A saúde sexual reflete o equilíbrio entre corpo, mente e emoções. Essa é a avaliação do sexologista e terapeuta sexual João Borzino, que, em entrevista à revista Ela, discutiu como as exigências da vida moderna impactam o desejo sexual. Jornadas de trabalho extenuantes, prazos curtos e a pressão por resultados constantes criam um ambiente propício ao estresse e à exaustão, prejudicando não apenas o bem-estar geral, mas também a libido de muitos casais.
Borzino alerta que a libido, definida como a energia vital que sustenta o desejo sexual e fortalece a conexão emocional e física entre parceiros, sofre influências de fatores fisiológicos, psicológicos e comportamentais. “Cuidar da libido é essencial para fortalecer os vínculos e melhorar a qualidade de vida”, afirma.



Os fatores que moldam a libido
O especialista detalha como diferentes elementos impactam o desejo sexual:
- Fatores fisiológicos: Hormônios, como a testosterona, são cruciais tanto para homens quanto para mulheres, enquanto neurotransmissores como dopamina e serotonina regulam o desejo. Desequilíbrios hormonais ou alterações no sistema nervoso central podem reduzir significativamente a libido.

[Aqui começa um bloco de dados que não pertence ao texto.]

(* For every binary cellular automaton $C=(\{0,1\},\delta)$ with blank symbol $1$ there exist an integer $N$ and a $(2N+2)$-dimensional subtraction game $\mathcal{D}_C$ (finite difference set in $\mathbb{Z}^{2N+2}$ with all vectors of positive coordinate sum) such that $c(t,u)=p(Nt+u,\,Nt-u,\,0,0,\dots,0,1)$ for all integers $t\ge0$ and $u$ with $|u|\le Nt$, where $c(t,u)$ is the content of cell $u$ at time $t$ of $C$ started from the configuration with $c(0,u)=0$ iff $u=0$, and $p(\cdot)$ is the value of a position of $\mathcal{D}_C$.
   Context: Binary cellular automaton with neighborhood size $r$: configurations $c:\mathbb{Z}\to\{0,1\}$, one step maps $c$ to $c'$ with $c'(u)=\delta(c(u-r),\dots,c(u+r))$ for $\delta:\{0,1\}^{2r+1}\to\{0,1\}$; blank symbol $1$ means $\delta(1,\dots,1)=1$. Subtraction game with finite difference set $D\subset\mathbb{Z}^d$: positions $x\in\mathbb{Z}_{\ge0}^d$, move from $x$ to $y\in\mathbb{Z}_{\ge0}^d$ iff $x-y\in D$; normal play. The value of a position is $0$ for a P-position (player to move has no winning strategy) and $1$ for an N-position. *)

theory Defs
  imports Main
begin

text \<open>Binary cellular automaton with neighbourhood radius r. Symbols 0/1 are
  represented by False/True. A local rule delta is applied to the list
  [c(u-r), ..., c(u+r)].\<close>

definition ca_step :: "nat \<Rightarrow> (bool list \<Rightarrow> bool) \<Rightarrow> (int \<Rightarrow> bool) \<Rightarrow> (int \<Rightarrow> bool)" where
  "ca_step r \<delta> c = (\<lambda>u. \<delta> (map (\<lambda>i. c (u + i)) [- int r..int r]))"

definition ca_config :: "nat \<Rightarrow> (bool list \<Rightarrow> bool) \<Rightarrow> nat \<Rightarrow> int \<Rightarrow> bool" where
  "ca_config r \<delta> t = (ca_step r \<delta> ^^ t) (\<lambda>u. u \<noteq> 0)"

definition vsub :: "int list \<Rightarrow> int list \<Rightarrow> int list" where
  "vsub x d = map2 (-) x d"

text \<open>The extra guard 0 < sum_list d is automatic for the games considered
  (all difference vectors have positive coordinate sum) and only serves
  to make the recursion well-founded.\<close>
definition legal_move :: "int list set \<Rightarrow> int list \<Rightarrow> int list \<Rightarrow> bool" where
  "legal_move D x d \<longleftrightarrow> d \<in> D \<and> length d = length x \<and> 0 < sum_list d \<and>
      (\<forall>i\<in>set (vsub x d). 0 \<le> i)"

lemma sum_list_vsub:
  "length d = length x \<Longrightarrow> sum_list (vsub x d) = sum_list x - sum_list d"
  unfolding vsub_def
  by (induction x d rule: list_induct2') (auto)

lemma legal_move_dec:
  assumes "legal_move D x d"
  shows "nat (sum_list (vsub x d)) < nat (sum_list x)"
proof -
  have l: "length d = length x" and p: "0 < sum_list d"
    and nn: "\<forall>i\<in>set (vsub x d). 0 \<le> i"
    using assms unfolding legal_move_def by auto
  have "0 \<le> sum_list (vsub x d)" using nn by (simp add: sum_list_nonneg)
  moreover have "sum_list (vsub x d) = sum_list x - sum_list d"
    using l by (rule sum_list_vsub)
  ultimately show ?thesis using p by simp
qed

function game_value :: "int list set \<Rightarrow> int list \<Rightarrow> nat" where
  "game_value D x =
     (if \<exists>d. (if legal_move D x d then game_value D (vsub x d) = 0 else False)
      then 1 else 0)"
  by pat_completeness auto
termination
  by (relation "measure (\<lambda>(D, x). nat (sum_list x))")
     (auto dest!: legal_move_dec)

declare game_value.simps [simp del]

lemma game_value_eq:
  "game_value D x =
     (if \<exists>d. legal_move D x d \<and> game_value D (vsub x d) = 0 then 1 else 0)"
  by (subst game_value.simps) (smt (verit))

end

theory Submission
  imports Defs "HOL-Library.Countable"
begin

text \<open>Cell \<open>u\<close> at time \<open>t\<close> is simulated by the cell position \<open>(N t + u, N t - u, 0, \<dots>, 0, 1)\<close>.
  Its only moves guess a neighbourhood \<open>s\<close> with \<open>\<delta> s\<close> and lead to a gate position, which
  records \<open>s\<close> by a marker in the middle coordinates. From the gate the opponent challenges one
  neighbour: where \<open>s\<close> claims a 1 he moves straight to that neighbour's cell position at time
  \<open>t - 1\<close>, where \<open>s\<close> claims a 0 he moves to a negation position, whose only move leads to the
  neighbour's cell position. Hence the gate is a P-position exactly when \<open>s\<close> is the true
  neighbourhood, and by induction on \<open>t\<close> the cell position is an N-position exactly when the cell
  holds 1. A round trip through a gadget lowers the first two coordinates by \<open>N \<mp> i\<close> for the
  offset \<open>i\<close> of the challenged neighbour, so it lands on that neighbour's position; neighbours
  outside the light cone have no position but are blank, so challenging them never pays.\<close>

definition game_move :: "int list set \<Rightarrow> int list \<Rightarrow> int list \<Rightarrow> bool" where
  "game_move D x y \<longleftrightarrow> (\<exists>d. legal_move D x d \<and> y = vsub x d)"

lemma game_value_eq_of_bool:
  "game_value D x = of_bool (\<exists>y. game_move D x y \<and> game_value D y = 0)"
  by (subst game_value_eq) (auto simp: game_move_def)

definition position :: "nat \<Rightarrow> int \<Rightarrow> int \<Rightarrow> (nat \<Rightarrow> int) \<Rightarrow> int \<Rightarrow> int list" where
  "position L a b f l = [a, b] @ map f [0..<L] @ [l]"

lemma length_position [simp]: "length (position L a b f l) = L + 3"
  by (simp add: position_def)

lemma vsub_position [simp]:
  "vsub (position L a b f l) (position L a' b' f' l') =
     position L (a - a') (b - b') (\<lambda>j. f j - f' j) (l - l')"
  by (simp add: position_def vsub_def zip_map_map zip_same_conv_map)

lemma position_nonneg_iff [simp]:
  "(\<forall>x\<in>set (position L a b f l). 0 \<le> x) \<longleftrightarrow>
     0 \<le> a \<and> 0 \<le> b \<and> (\<forall>j<L. 0 \<le> f j) \<and> 0 \<le> l"
  by (auto simp: position_def)

lemma sum_list_position: "sum_list (position L a b f l) = a + b + (\<Sum>j<L. f j) + l"
  by (simp add: position_def lessThan_atLeast0 sum_set_upt_conv_sum_list_nat[symmetric])

definition unit_vec :: "nat \<Rightarrow> nat \<Rightarrow> int" where
  "unit_vec g j = (if j = g then 1 else 0)"

lemma sum_unit_vec: "g < L \<Longrightarrow> (\<Sum>j<L. unit_vec g j) = 1"
  by (simp add: unit_vec_def)

definition code_bound :: "nat \<Rightarrow> nat" where
  "code_bound r = Suc (Max (to_nat ` {s::bool list. length s = 2 * r + 1}))"

definition scale :: "nat \<Rightarrow> nat" where
  "scale r = code_bound r + 2 * r + 2"

definition width :: "nat \<Rightarrow> nat" where
  "width r = 2 * scale r - 1"

text \<open>Gate markers occupy the middle coordinates below \<open>2 * code_bound r\<close>, negation markers
  those above; \<open>to_nat\<close> serves as an arbitrary injective code for neighbourhoods.\<close>

definition gate_index :: "bool list \<Rightarrow> bool \<Rightarrow> nat" where
  "gate_index s c = 2 * to_nat s + of_bool c"

definition neg_index :: "nat \<Rightarrow> nat \<Rightarrow> bool \<Rightarrow> nat" where
  "neg_index r i c = 2 * code_bound r + 2 * i + of_bool c"

text \<open>Moves need a positive coordinate sum, so the guessing move takes 2 from the first two
  coordinates; the bit \<open>c\<close> chooses which one, so that this is possible on the edge of the light
  cone where one of them is 0. The gadget records \<open>c\<close>, and its exit moves give the 2 back.\<close>

definition cost_a :: "bool \<Rightarrow> int" where
  "cost_a c = (if c then 0 else 2)"

definition cost_b :: "bool \<Rightarrow> int" where
  "cost_b c = (if c then 2 else 0)"

definition offset :: "nat \<Rightarrow> nat \<Rightarrow> int" where
  "offset r i = int i - int r"

definition step_a :: "nat \<Rightarrow> nat \<Rightarrow> bool \<Rightarrow> int" where
  "step_a r i c = int (scale r) - offset r i - cost_a c"

definition step_b :: "nat \<Rightarrow> nat \<Rightarrow> bool \<Rightarrow> int" where
  "step_b r i c = int (scale r) + offset r i - cost_b c"

lemma finite_bool_lists: "finite {s::bool list. length s = n}"
  using finite_lists_length_eq[of "UNIV :: bool set" n] by simp

lemma to_nat_less_code_bound: "length (s::bool list) = 2 * r + 1 \<Longrightarrow> to_nat s < code_bound r"
  unfolding code_bound_def less_Suc_eq_le
  by (intro Max_ge finite_imageI finite_bool_lists) simp

lemma gate_index_less: "length s = 2 * r + 1 \<Longrightarrow> gate_index s c < 2 * code_bound r"
  using to_nat_less_code_bound[of s r] by (simp add: gate_index_def)

lemma gate_index_less_width: "length s = 2 * r + 1 \<Longrightarrow> gate_index s c < width r"
  using gate_index_less[of s r c] by (simp add: width_def scale_def)

lemma neg_index_less_width: "i < 2 * r + 1 \<Longrightarrow> neg_index r i c < width r"
  by (simp add: neg_index_def width_def scale_def)

lemma gate_index_neq_neg_index: "length s = 2 * r + 1 \<Longrightarrow> gate_index s c \<noteq> neg_index r i c'"
  using gate_index_less[of s r c] by (simp add: neg_index_def)

lemma gate_index_eq_iff: "gate_index s c = gate_index s' c' \<longleftrightarrow> s = s' \<and> c = c'"
  by (auto simp: gate_index_def of_bool_def split: if_splits; presburger)

lemma neg_index_eq_iff: "neg_index r i c = neg_index r i' c' \<longleftrightarrow> i = i' \<and> c = c'"
  by (auto simp: neg_index_def of_bool_def split: if_splits; presburger)

definition cell_pos :: "nat \<Rightarrow> int \<Rightarrow> int \<Rightarrow> int list" where
  "cell_pos r a b = position (width r) a b (\<lambda>_. 0) 1"

definition gate_pos :: "nat \<Rightarrow> nat \<Rightarrow> int \<Rightarrow> int \<Rightarrow> int list" where
  "gate_pos r g a b = position (width r) a b (\<lambda>j. 2 * unit_vec g j) 0"

definition neg_pos :: "nat \<Rightarrow> nat \<Rightarrow> int \<Rightarrow> int \<Rightarrow> int list" where
  "neg_pos r k a b = position (width r) a b (unit_vec k) 0"

definition cell_gate_move :: "nat \<Rightarrow> bool list \<Rightarrow> bool \<Rightarrow> int list" where
  "cell_gate_move r s c =
     position (width r) (cost_a c) (cost_b c) (\<lambda>j. - 2 * unit_vec (gate_index s c) j) 1"

definition gate_cell_move :: "nat \<Rightarrow> bool list \<Rightarrow> bool \<Rightarrow> nat \<Rightarrow> int list" where
  "gate_cell_move r s c i =
     position (width r) (step_a r i c) (step_b r i c) (\<lambda>j. 2 * unit_vec (gate_index s c) j) (- 1)"

definition gate_neg_move :: "nat \<Rightarrow> bool list \<Rightarrow> bool \<Rightarrow> nat \<Rightarrow> int list" where
  "gate_neg_move r s c i =
     position (width r) 0 0 (\<lambda>j. 2 * unit_vec (gate_index s c) j - unit_vec (neg_index r i c) j) 0"

definition neg_cell_move :: "nat \<Rightarrow> bool \<Rightarrow> nat \<Rightarrow> int list" where
  "neg_cell_move r c i =
     position (width r) (step_a r i c) (step_b r i c) (unit_vec (neg_index r i c)) (- 1)"

definition ca_game :: "nat \<Rightarrow> (bool list \<Rightarrow> bool) \<Rightarrow> int list set" where
  "ca_game r \<delta> =
     {cell_gate_move r s c | s c. length s = 2 * r + 1 \<and> \<delta> s} \<union>
     {gate_cell_move r s c i | s c i. length s = 2 * r + 1 \<and> i < 2 * r + 1 \<and> s ! i} \<union>
     {gate_neg_move r s c i | s c i. length s = 2 * r + 1 \<and> i < 2 * r + 1 \<and> \<not> s ! i} \<union>
     {neg_cell_move r c i | c i. i < 2 * r + 1}"

lemma finite_ca_game: "finite (ca_game r \<delta>)"
proof -
  let ?S = "{s::bool list. length s = 2 * r + 1} \<times> (UNIV :: bool set) \<times> {..<2 * r + 1}"
  have fin: "finite ((\<lambda>(s, c, i). f s c i) ` ?S)" for f :: "bool list \<Rightarrow> bool \<Rightarrow> nat \<Rightarrow> int list"
    by (simp add: finite_bool_lists)
  have "finite {cell_gate_move r s c | s c. length s = 2 * r + 1 \<and> \<delta> s}"
    by (rule finite_subset[OF _ fin]) (auto intro!: image_eqI[where x = "(_, _, 0)"])
  moreover have "finite {gate_cell_move r s c i | s c i. length s = 2 * r + 1 \<and> i < 2 * r + 1 \<and> s ! i}"
    by (rule finite_subset[OF _ fin]) (auto intro!: image_eqI[where x = "(_, _, _)"])
  moreover have "finite {gate_neg_move r s c i | s c i. length s = 2 * r + 1 \<and> i < 2 * r + 1 \<and> \<not> s ! i}"
    by (rule finite_subset[OF _ fin]) (auto intro!: image_eqI[where x = "(_, _, _)"])
  moreover have "finite {neg_cell_move r c i | c i. i < 2 * r + 1}"
    by (rule finite_subset[OF _ fin])
      (auto intro!: image_eqI[where x = "(replicate (2 * r + 1) True, _, _)"])
  ultimately show ?thesis
    by (simp add: ca_game_def)
qed

lemma ca_game_cases:
  assumes "d \<in> ca_game r \<delta>"
  obtains (cell_gate) s c where "length s = 2 * r + 1" "\<delta> s" "d = cell_gate_move r s c"
  | (gate_cell) s c i where "length s = 2 * r + 1" "i < 2 * r + 1" "s ! i" "d = gate_cell_move r s c i"
  | (gate_neg) s c i where "length s = 2 * r + 1" "i < 2 * r + 1" "\<not> s ! i" "d = gate_neg_move r s c i"
  | (neg_cell) c i where "i < 2 * r + 1" "d = neg_cell_move r c i"
  using assms unfolding ca_game_def by blast

lemma length_ca_game: "d \<in> ca_game r \<delta> \<Longrightarrow> length d = width r + 3"
  by (auto simp: ca_game_def cell_gate_move_def gate_cell_move_def gate_neg_move_def neg_cell_move_def)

- Fatores psicológicos: A autoestima, a saúde mental e as experiências de vida moldam a percepção individual da sexualidade. O estresse crônico e a ansiedade, comuns no cenário atual, são grandes inimigos do desejo sexual.
- Fatores comportamentais: Hábitos saudáveis, como uma alimentação balanceada, prática de exercícios físicos e sono de qualidade, são determinantes para manter uma vida sexual ativa e satisfatória.
Como o estresse afeta homens e mulheres
Borzino explica que o estresse crônico eleva os níveis de cortisol no corpo, o que interfere na produção de testosterona e nos neurotransmissores ligados ao desejo sexual. Homens e mulheres, no entanto, reagem de maneiras distintas a essa sobrecarga:
- Nos homens: A queda da libido pode vir acompanhada de disfunção erétil, tornando o problema ainda mais complexo.
- Nas mulheres: A redução do desejo e dificuldades de excitação são as manifestações mais comuns. Além disso, a sobrecarga emocional e doméstica agrava esses efeitos.
Estratégias para preservar a saúde sexual
Para lidar com os impactos do estresse sobre a libido, Borzino recomenda uma abordagem que integra corpo e mente:
- Gerenciamento de tempo: Evite sobrecargas profissionais e delegue tarefas sempre que possível.
- Prática de exercícios físicos: Atividades regulares ajudam a aliviar o estresse, aumentam a produção de dopamina e promovem o bem-estar.
- Qualidade do sono: O descanso adequado é indispensável para manter o equilíbrio emocional e hormonal.
- Terapia sexual: Sessões com profissionais especializados ajudam a superar bloqueios e resgatar a conexão com o parceiro.
Em um mundo cada vez mais acelerado, a saúde sexual precisa ser vista como parte essencial do bem-estar. Adotar medidas para proteger a libido é um investimento não apenas na vida íntima, mas também na qualidade de vida como um todo.